For the material below, output exactly the span from the line with "using 3 by (simp" to the line with "2 * ln u + 2", including both, and nothing besides.

▸ Supplied records:
▼

(* Let $\mathcal N$ be an $(M,N,q)$-Schreier norming set, $x^*\in\mathcal N$, $k\in\mathbb N$, and let $\mathcal T$ be a functional tree of $x^*$, so that $$x^*=\sum_{\beta\in\mathcal T\ \text{terminal}}\frac{\prod_{\alpha\preceq\beta}\gamma_\alpha}{\prod_{\alpha\prec\beta}m_\alpha}\,e^*_{j_\beta}.$$ Then $$\Big\{j_\beta:\ \beta\ \text{terminal},\ |x^*(e_{j_\beta})|\ge\frac{2\,|\prod_{\alpha\preceq\beta}\gamma_\alpha|}{m_{2k}},\ j_\beta\ge 2k\Big\}\in S_{p_k-1}.$$
   Context: Notation. $c_{00}$ is the space of finitely supported real sequences, $(e_i)_{i\ge1}$ its unit vector basis and $(e_i^* )_{i\ge1}$ the biorthogonal functionals. For a functional $x^*=\sum_i a_ie_i^*$, ${\rm supp}\,x^*=\{i:a_i\neq0\}$. For finite $E,F\subset\mathbb N$, $E<F$ means $\max E<\min F$. $Ba(\ell_q)$ is the closed unit ball of $\ell_q$ (applied to finite scalar sequences). For an interval $E\subset\mathbb N$, $Ex^*$ is the restriction of $x^*$ to the coordinates in $E$. Schreier families: $S_0=\{\{n\}:n\in\mathbb N\}\cup\{\emptyset\}$ and $S_{n+1}=\{\bigcup_{i=1}^mF_i: m\in\mathbb N,\ F_i\in S_n,\ m\le\min F_1,\ F_1<\dots<F_m\}\cup\{\emptyset\}$. Successive finite sets $E_1<\dots<E_k$ are $S_n$-admissible if $\{\min E_1,\dots,\min E_k\}\in S_n$; a finite block sequence $x_1^*,\dots,x_k^*$ is $S_n$-admissible if $({\rm supp}\,x_i^* )_{i=1}^k$ is. Sequences. $M=(m_i)$, $N=(n_i)$ are increasing sequences of positive integers such that (i) $m_1>3$, $m_2=m_1^5$, $m_{2j+1}=m_{2j}^5$ for $j\ge1$, and there is an increasing sequence $(s_i)$ of positive integers with $m_{2j}=\prod_{i=1}^{j-1}m_{2i}^{s_i}$ for $j\ge2$; (ii) defining for $j\ge2$ $f_j=\max\{\rho n_1+\sum_{1\le i<j}\rho_in_{2i}:\ \rho,\rho_i\in\mathbb N\cup\{0\},\ m_1^{\rho}\prod_{1\le i<j}m_{2i}^{\rho_i}<m_{2j}\}$, one has $4f_j<n_{2j}$ for all $j\ge2$, and $5n_1<n_2$. For $k\ge1$ put $p_k=5n_1+\sum_{1\le i<k}s_in_{2i}$ (so $p_1=5n_1$). Norming sets. A set $\mathcal N\subset{\rm span}\{e_i^*\}$ is norming if it contains every $e_n^*$, satisfies $|x^*(e_n)|\le1$ for all $x^*\in\mathcal N$, $n\in\mathbb N$, is symmetric, and $Ex^*\in\mathcal N$ for all $x^*\in\mathcal N$ and intervals $E\subset\mathbb N$. $(M,N,q)$-Schreier. Let $1<p,q<\infty$, $1/p+1/q=1$. For $k\ge1$ let $\mathcal N_k$ be the set of all $\frac1{m_{2k}}\sum_{i=1}^d\gamma_ix_i^*$ where $d\in\mathbb N$, $(\gamma_i)_{i=1}^d\in Ba(\ell_q)$, and $x_1^*,\dots,x_d^*\in\mathcal N$ is an $S_{n_{2k}}$-admissible block sequence. Let $\mathcal N^q_\infty$ be the union over $k\ge0$ of the sets of all $\frac1{m_{2k+1}}\sum_{i=1}^d\gamma_iEx_i^*$ where $(\gamma_i)\in 2^{1/p}Ba(\ell_q)$, $E$ is an interval of $\mathbb N$, $x_1^*,\dots,x_d^*$ is an $S_{n_{2k+1}}$-admissible block sequence with $x_i^*\in\mathcal N_{j_i}$ and $j_1,\dots,j_d$ pairwise distinct. A norming set $\mathcal N$ is $(M,N,q)$-Schreier if $\mathcal N_j\subset\mathcal N$ for all $j\ge1$ and $\mathcal N\subset\bigcup_{j\ge1}\mathcal N_j\cup\mathcal N^q_\infty\cup\{\pm e_n^*:n\in\mathbb N\}$. Functional trees. A finite partially ordered set $(\mathcal T,\preceq)$ is a tree if $\{\beta:\beta\preceq\alpha\}$ is linearly ordered for each $\alpha$; it is rooted if it has a unique minimal element (the root). $\alpha\prec\beta$ means $\alpha\preceq\beta$ and $\alpha\ne\beta$; $D_\alpha(\mathcal T)$ is the set of immediate successors of $\alpha$; $\alpha$ is terminal if it has no successors; a branch is a maximal linearly ordered subset. A functional tree of $x^*\in\mathcal N$ is a finite rooted tree $\mathcal T$ with root $\alpha_0$ together with, for each node $\alpha$, a functional $x^*_\alpha\in\mathcal N$ and a nonzero scalar $\gamma_\alpha$, such that: $\gamma_{\alpha_0}\in\{1,-1\}$ and $x^*=\gamma_{\alpha_0}x^*_{\alpha_0}$; if $\alpha$ is terminal then $x^*_\alpha=e^*_{j_\alpha}$ for some $j_\alpha\in\mathbb N$; if $\alpha$ is not terminal there is $j\in\mathbb N$ with (setting $m_\alpha=m_j$, $n_\alpha=n_j$) $x^*_\alpha=\frac1{m_\alpha}\sum_{\beta\in D_\alpha(\mathcal T)}\gamma_\beta x^*_\beta$, where the $x^*_\beta$, $\beta\in D_\alpha(\mathcal T)$, are nonzero with successive supports and form an $S_{n_\alpha}$-admissible block sequence; if $j$ is even, $(\gamma_\beta)_{\beta\in D_\alpha(\mathcal T)}\in Ba(\ell_q)$; if $j$ is odd, $(\gamma_\beta)_{\beta\in D_\alpha(\mathcal T)}\in 2^{1/p}Ba(\ell_q)$, every $\beta\in D_\alpha(\mathcal T)$ is non-terminal with $m_\beta$ of even index, and the $m_\beta$, $\beta\in D_\alpha(\mathcal T)$, are pairwise distinct. Every element of $\mathcal N$ admits at least one functional tree. For any set $A$ of pairwise incomparable nodes meeting every branch, $x^*=\sum_{\alpha\in A}\frac{\prod_{\beta\preceq\alpha}\gamma_\beta}{\prod_{\beta\prec\alpha}m_\beta}x^*_\alpha$. *)

theory Defs
  imports Complex_Main
begin
lemma convex_on_power_generator: "convex_on {0<..} (power_generator s)"
proof -
  consider "s = 0" | "s = 1" | "s \<noteq> 0" "s \<noteq> 1" by blast
  then show ?thesis
  proof cases
    case 1
    show ?thesis
      unfolding power_generator_def 1
      by (rule f''_ge0_imp_convex[where f' = "\<lambda>u. - 1 / u" and f'' = "\<lambda>u. 1 / u\<^sup>2"])
        (auto intro!: derivative_eq_intros simp: power2_eq_square field_simps)
  next
    case 2
    show ?thesis
      unfolding power_generator_def 2
      by (rule f''_ge0_imp_convex[where f' = "\<lambda>u. ln u + 1" and f'' = "\<lambda>u. 1 / u"])
        (auto intro!: derivative_eq_intros simp: field_simps)
  next
    case 3
    have "convex_on {0<..} (\<lambda>u. (u powr s - 1) / (s * (s - 1)))"
    proof (rule f''_ge0_imp_convex[where f' = "\<lambda>u. u powr (s - 1) / (s - 1)" and f'' = "\<lambda>u. u powr (s - 2)"])
      fix u :: real assume "u \<in> {0<..}"
      show "((\<lambda>u. (u powr s - 1) / (s * (s - 1))) has_real_derivative u powr (s - 1) / (s - 1)) (at u)"
        by (rule DERIV_cong[OF DERIV_cdivide])
          (use 3 \<open>u \<in> {0<..}\<close> in \<open>auto intro!: derivative_eq_intros\<close>)
      show "((\<lambda>u. u powr (s - 1) / (s - 1)) has_real_derivative u powr (s - 2)) (at u)"
        by (rule DERIV_cong[OF DERIV_cdivide])
          (use 3 \<open>u \<in> {0<..}\<close> in \<open>auto intro!: derivative_eq_intros\<close>)
    qed simp_all
    moreover have "power_generator s = (\<lambda>u. (u powr s - 1) / (s * (s - 1)))"
      using 3 by (simp add: power_generator_def fun_eq_iff)
    ultimately show ?thesis by simp
  qed
qed

lemma convex_on_zeta_generator:
  assumes "0 \<le> s" "s \<le> 4"
  shows "convex_on {1/2<..} (zeta_generator s)"
proof (cases "s = 1")
  case True
  show ?thesis
    unfolding zeta_generator_def True
    by (rule f''_ge0_imp_convex[where f' = "\<lambda>u. 2 * ln u + 2 - 2 / u" and f'' = "\<lambda>u. 2 / u + 2 / u\<^sup>2"])
      (auto intro!: derivative_eq_intros simp: power2_eq_square field_simps)
next
  case False
  have "convex_on {1/2<..} (\<lambda>u. 2 * (u - 1) * u powr (s - 1) / (s - 1))"
  proof (rule f''_ge0_imp_convex[where f' = "\<lambda>u. 2 * u powr (s - 1) / (s - 1) + 2 * (u - 1) * u powr (s - 2)"
        and f'' = "\<lambda>u. 2 * u powr (s - 3) * (s * u - s + 2)"])
    fix u :: real assume "u \<in> {1/2<..}"
    then have "0 < u" by simp
    then have "u powr (s - 2) = u * u powr (s - 3)"
      using powr_mult_base[of u "s - 3"] by simp
    show "((\<lambda>u. 2 * (u - 1) * u powr (s - 1) / (s - 1))
        has_real_derivative 2 * u powr (s - 1) / (s - 1) + 2 * (u - 1) * u powr (s - 2)) (at u)"
      by (rule DERIV_cong[OF DERIV_cdivide])
        (use False \<open>0 < u\<close> in \<open>auto intro!: derivative_eq_intros simp: field_simps\<close>)
    show "((\<lambda>u. 2 * u powr (s - 1) / (s - 1) + 2 * (u - 1) * u powr (s - 2))
        has_real_derivative 2 * u powr (s - 3) * (s * u - s + 2)) (at u)"
      by (rule DERIV_cong[OF DERIV_add[OF DERIV_cdivide]])
        (use False \<open>0 < u\<close> \<open>u powr (s - 2) = u * u powr (s - 3)\<close>
          in \<open>auto intro!: derivative_eq_intros simp: field_simps\<close>)
    have "s * (1/2) \<le> s * u"
      using \<open>u \<in> {1/2<..}\<close> assms by (intro mult_left_mono) auto
    then show "0 \<le> 2 * u powr (s - 3) * (s * u - s + 2)"
      using assms by simp
  qed simp
  moreover have "zeta_generator s = (\<lambda>u. 2 * (u - 1) * u powr (s - 1) / (s - 1))"
    using False by (simp add: zeta_generator_def fun_eq_iff)
  ultimately show ?thesis by simp
qed

lemma Phi_eq_f_divergence:
  assumes "p \<in> Gamma n" "q \<in> Gamma n"
  shows "Phi s n p q = f_divergence (power_generator s) n p q"
proof -
  have pos: "0 < p i" "0 < q i" if "i < n" for i
    using assms that by (auto simp: Gamma_def)
  have "q i * power_generator s (p i / q i) =
      (if s = 0 then q i * ln (q i / p i) else if s = 1 then p i * ln (p i / q i)
       else (p i powr s * q i powr (1 - s) - q i) / (s * (s - 1)))" if "i < n" for i
    using pos[OF that] by (auto simp: power_generator_def ln_div powr_divide powr_diff field_simps)
  then show ?thesis
    using assms by (auto simp: Phi_def f_divergence_def Gamma_def sum_divide_distrib[symmetric] sum_subtractf)
qed
lemma window_balance:
  fixes t :: nat and K A \<alpha> :: real
  assumes t: "1 \<le> t" and \<alpha>: "0 \<le> \<alpha>" "\<alpha> < 1" and "0 \<le> K" "0 \<le> A"
  defines "\<beta> \<equiv> 1 / (2 - \<alpha>)"
  defines "L \<equiv> nat \<lceil>real t powr \<beta>\<rceil>"
  shows "1 \<le> L"
    and "4 * real L * A + real (t div L) * (K * A * real L powr \<alpha>) \<le> (8 + K) * A * real t powr \<beta>"
proof -
  define x where "x = real t powr \<beta>"
  have "0 < \<beta>"
    unfolding \<beta>_def using \<alpha> by simp
  then have x: "1 \<le> x"
    unfolding x_def using t by (intro ge_one_powr_ge_zero) auto
  have "real L = real_of_int \<lceil>x\<rceil>"
    unfolding L_def x_def[symmetric] using x by simp
  then have x_le_L: "x \<le> real L" and L_le: "real L \<le> 2 * x"
    using x by linarith+
  then show "1 \<le> L"
    using x by linarith
  then have L_pos: "0 < real L"
    by simp
  \<comment> \<open>\<open>t / L * L powr \<alpha>\<close> is at most \<open>t * x powr (\<alpha> - 1) = t powr \<beta>\<close>, by the choice of \<open>\<beta>\<close>.\<close>
  have "real (t div L) * (K * A * real L powr \<alpha>) \<le> real t / real L * (K * A * real L powr \<alpha>)"
    using assms(4,5) by (intro mult_right_mono of_nat_div_le_of_nat) auto
  also have "\<dots> = K * A * (real t * real L powr (\<alpha> - 1))"
    using L_pos by (simp add: powr_diff)
  also have "real L powr (\<alpha> - 1) \<le> x powr (\<alpha> - 1)"
    using x x_le_L \<alpha> by (intro powr_mono2') auto
  also have "real t * x powr (\<alpha> - 1) = real t powr (1 + \<beta> * (\<alpha> - 1))"
    unfolding x_def using t by (simp add: powr_powr powr_add)
  also have "1 + \<beta> * (\<alpha> - 1) = \<beta>"
    unfolding \<beta>_def using \<alpha> by (simp add: field_simps)
  finally have "real (t div L) * (K * A * real L powr \<alpha>) \<le> K * A * x"
    unfolding x_def using assms(4,5) t by (simp add: mult_left_mono)
  moreover have "4 * real L * A \<le> 8 * x * A"
    using L_le assms(5) by (intro mult_right_mono) auto
  ultimately show "4 * real L * A + real (t div L) * (K * A * real L powr \<alpha>) \<le> (8 + K) * A * real t powr \<beta>"
    unfolding x_def by (simp add: algebra_simps)
qed

(* For N = 2 the division by zero gives exponent 1; that case only arises for a single row and
   column, where the gap is bounded outright. *)
definition robinson_exponent :: "nat \<Rightarrow> real" where
  "robinson_exponent N = 1 - 1 / (real N - 2)"
lemma card_Qset_le:
  fixes \<gamma> :: "'d::finite \<Rightarrow> real"
  assumes \<alpha>: "0 < \<alpha>" and \<gamma>: "\<forall>j. 0 < \<gamma> j \<and> \<gamma> j \<le> 1" and m: "0 \<le> m"
  shows "real (card (Qset \<alpha> \<gamma> m)) \<le> (real (nat m) + 1) ^ CARD('d) * 3 ^ CARD('d) * 2 powr (m / (2*\<alpha>))"
proof -
  define T where "T = {t::nat^'d. (\<Sum>j\<in>UNIV. t$j) = nat m}"
  have "card (Qset \<alpha> \<gamma> m) \<le> (\<Sum>t\<in>T. card (Qbox \<alpha> \<gamma> t))"
    unfolding Qset_eq_UN_Qbox[OF m] T_def by (rule card_UN_le[OF finite_vec_sum_eq])
  then have "real (card (Qset \<alpha> \<gamma> m)) \<le> (\<Sum>t\<in>T. real (card (Qbox \<alpha> \<gamma> t)))"
    by (simp flip: of_nat_sum)
  also have "\<dots> \<le> real (card T) * (3 ^ CARD('d) * 2 powr (m / (2*\<alpha>)))"
  proof (rule sum_bounded_above)
    fix t
    assume "t \<in> T"
    then have "real (\<Sum>j\<in>UNIV. t$j) = m"
      using m unfolding T_def by (simp del: of_nat_sum)
    then show "real (card (Qbox \<alpha> \<gamma> t)) \<le> 3 ^ CARD('d) * 2 powr (m / (2*\<alpha>))"
      using card_Qbox_le[OF \<alpha> \<gamma>, of t] by simp
  qed
  also have "\<dots> \<le> (real (nat m) + 1) ^ CARD('d) * (3 ^ CARD('d) * 2 powr (m / (2*\<alpha>)))"
  proof (intro mult_right_mono)
    have "real (card T) \<le> real ((nat m + 1) ^ CARD('d))"
      unfolding T_def by (intro of_nat_mono card_vec_sum_eq_le)
    then show "real (card T) \<le> (real (nat m) + 1) ^ CARD('d)"
      by (simp add: add.commute)
  qed simp
  finally show ?thesis
    by (simp add: mult.assoc)
qed

lemma sum_rw_Qset_le:
  fixes \<gamma> :: "'d::finite \<Rightarrow> real"
  assumes \<gamma>: "\<forall>j. 0 < \<gamma> j \<and> \<gamma> j \<le> 1" and \<beta>: "0 < \<beta>" "2*\<beta>+1 \<le> 2*\<alpha>" and m: "0 \<le> m"
  shows "(\<Sum>k\<in>Qset \<alpha> \<gamma> m. rw \<beta> \<gamma> k)
     \<le> (real (nat m) + 1) ^ CARD('d) * 3 ^ CARD('d) * (\<Prod>j\<in>UNIV. 1 / \<gamma> j) * 2 powr m"
proof -
  define G where "G = (\<Prod>j\<in>UNIV. 1 / \<gamma> j)"
  have \<alpha>: "0 < \<alpha>" "\<beta> \<le> \<alpha>"
    using \<beta> by auto
  have G_nonneg: "0 \<le> G"
    unfolding G_def using \<gamma> by (simp add: prod_nonneg less_imp_le)
  have "(\<Sum>k\<in>Qset \<alpha> \<gamma> m. rw \<beta> \<gamma> k) \<le> real (card (Qset \<alpha> \<gamma> m)) * (G * 2 powr (m * \<beta> / \<alpha>))"
    unfolding G_def using rw_le_on_Qset[OF \<gamma> \<beta>(1) \<alpha>(2) m] by (rule sum_bounded_above)
  also have "\<dots> \<le> ((real (nat m) + 1) ^ CARD('d) * 3 ^ CARD('d) * 2 powr (m / (2*\<alpha>)))
      * (G * 2 powr (m * \<beta> / \<alpha>))"
    using card_Qset_le[OF \<alpha>(1) \<gamma> m] G_nonneg by (intro mult_right_mono) auto
  also have "\<dots> = (real (nat m) + 1) ^ CARD('d) * 3 ^ CARD('d) * G * 2 powr (m / (2*\<alpha>) + m * \<beta> / \<alpha>)"
    by (simp add: powr_add mult_ac)
  also have "\<dots> \<le> (real (nat m) + 1) ^ CARD('d) * 3 ^ CARD('d) * G * 2 powr m"
  proof (intro mult_left_mono powr_mono)
    have "m / (2*\<alpha>) + m * \<beta> / \<alpha> = m * ((2*\<beta>+1) / (2*\<alpha>))"
      using \<alpha> by (simp add: field_simps)
    also have "\<dots> \<le> m"
      using \<beta> \<alpha> m by (intro mult_right_le_one_le) (auto simp: divide_le_eq)
    finally show "m / (2*\<alpha>) + m * \<beta> / \<alpha> \<le> m" .
  qed (use G_nonneg in auto)
  finally show ?thesis
    unfolding G_def .
qed
(* Let $Z=(Z_t)_{t\ge0}$ be an irreducible continuous-time Markov chain on $\mathbb{N}_+$ with jump rates $(q_{ij})$ and generator $\mathscr{L}g(n)=\sum_{j\ne n}q_{nj}(g(j)-g(n))$ (possibly explosive). Suppose there exist a bounded strictly positive function $g$ on $\mathbb{N}_+$ with $\lim_{n\to\infty}g(n)=0$ and an eventually strictly positive function $d$ on $\mathbb{N}_+$ such that for all sufficiently large $a$, $\mathscr{L}g(n)\le d(a)g(n)$ holds for all $n>a$. Then for all $a,t>0$, $$\lim_{n\to\infty}\mathbf{P}_n\{\kappa_a^-<t\wedge\kappa_\infty^+\}=0.$$
   Context: $\mathbf{P}_n$ is the law of $Z$ started from $Z_0=n$. $\kappa_a^-=\inf\{t>0:Z_t\le a\}$, $\kappa_b^+=\inf\{t>0:Z_t\ge b\}$, and $\kappa_\infty^+=\lim_{b\to\infty}\kappa_b^+$ (the explosion time). *)

theory Defs
  imports "HOL-Probability.Probability"
begin

definition states :: "nat set" where "states = {1..}"

definition qtot :: "(nat \<Rightarrow> nat \<Rightarrow> real) \<Rightarrow> nat \<Rightarrow> real" where
  "qtot q i = infsum (\<lambda>j. q i j) (states - {i})"

definition gen :: "(nat \<Rightarrow> nat \<Rightarrow> real) \<Rightarrow> (nat \<Rightarrow> real) \<Rightarrow> nat \<Rightarrow> real" where
  "gen q g n = infsum (\<lambda>j. q n j * (g j - g n)) (states - {n})"

definition irreducible_rates :: "(nat \<Rightarrow> nat \<Rightarrow> real) \<Rightarrow> bool" where
  "irreducible_rates q \<longleftrightarrow>
     (\<forall>i\<in>states. \<forall>j\<in>states.
        (i, j) \<in> {(k, l). k \<in> states \<and> l \<in> states \<and> k \<noteq> l \<and> q k l > 0}\<^sup>*)"

text \<open>Canonical construction of the (minimal) chain: an i.i.d. stream of pairs (U_k, V_k),
  uniform on (0,1)^2. The embedded jump chain moves from i to j with probability q i j / q_i
  (inverse-CDF selection with U_k) and the k-th holding time is -ln V_k / q_{X_k},
  exponential with rate q_{X_k}.\<close>

definition unif01 :: "real measure" where
  "unif01 = uniform_measure lborel {0<..<1}"

definition path_space :: "(real \<times> real) stream measure" where
  "path_space = stream_space (unif01 \<Otimes>\<^sub>M unif01)"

▲

▸ Task result:
      using 3 by (simp add: power_generator_def fun_eq_iff)
    ultimately show ?thesis by simp
  qed
qed

lemma convex_on_zeta_generator:
  assumes "0 \<le> s" "s \<le> 4"
  shows "convex_on {1/2<..} (zeta_generator s)"
proof (cases "s = 1")
  case True
  show ?thesis
    unfolding zeta_generator_def True
    by (rule f''_ge0_imp_convex[where f' = "\<lambda>u. 2 * ln u + 2 - 2 / u" and f'' = "\<lambda>u. 2 / u + 2 / u\<^sup>2"])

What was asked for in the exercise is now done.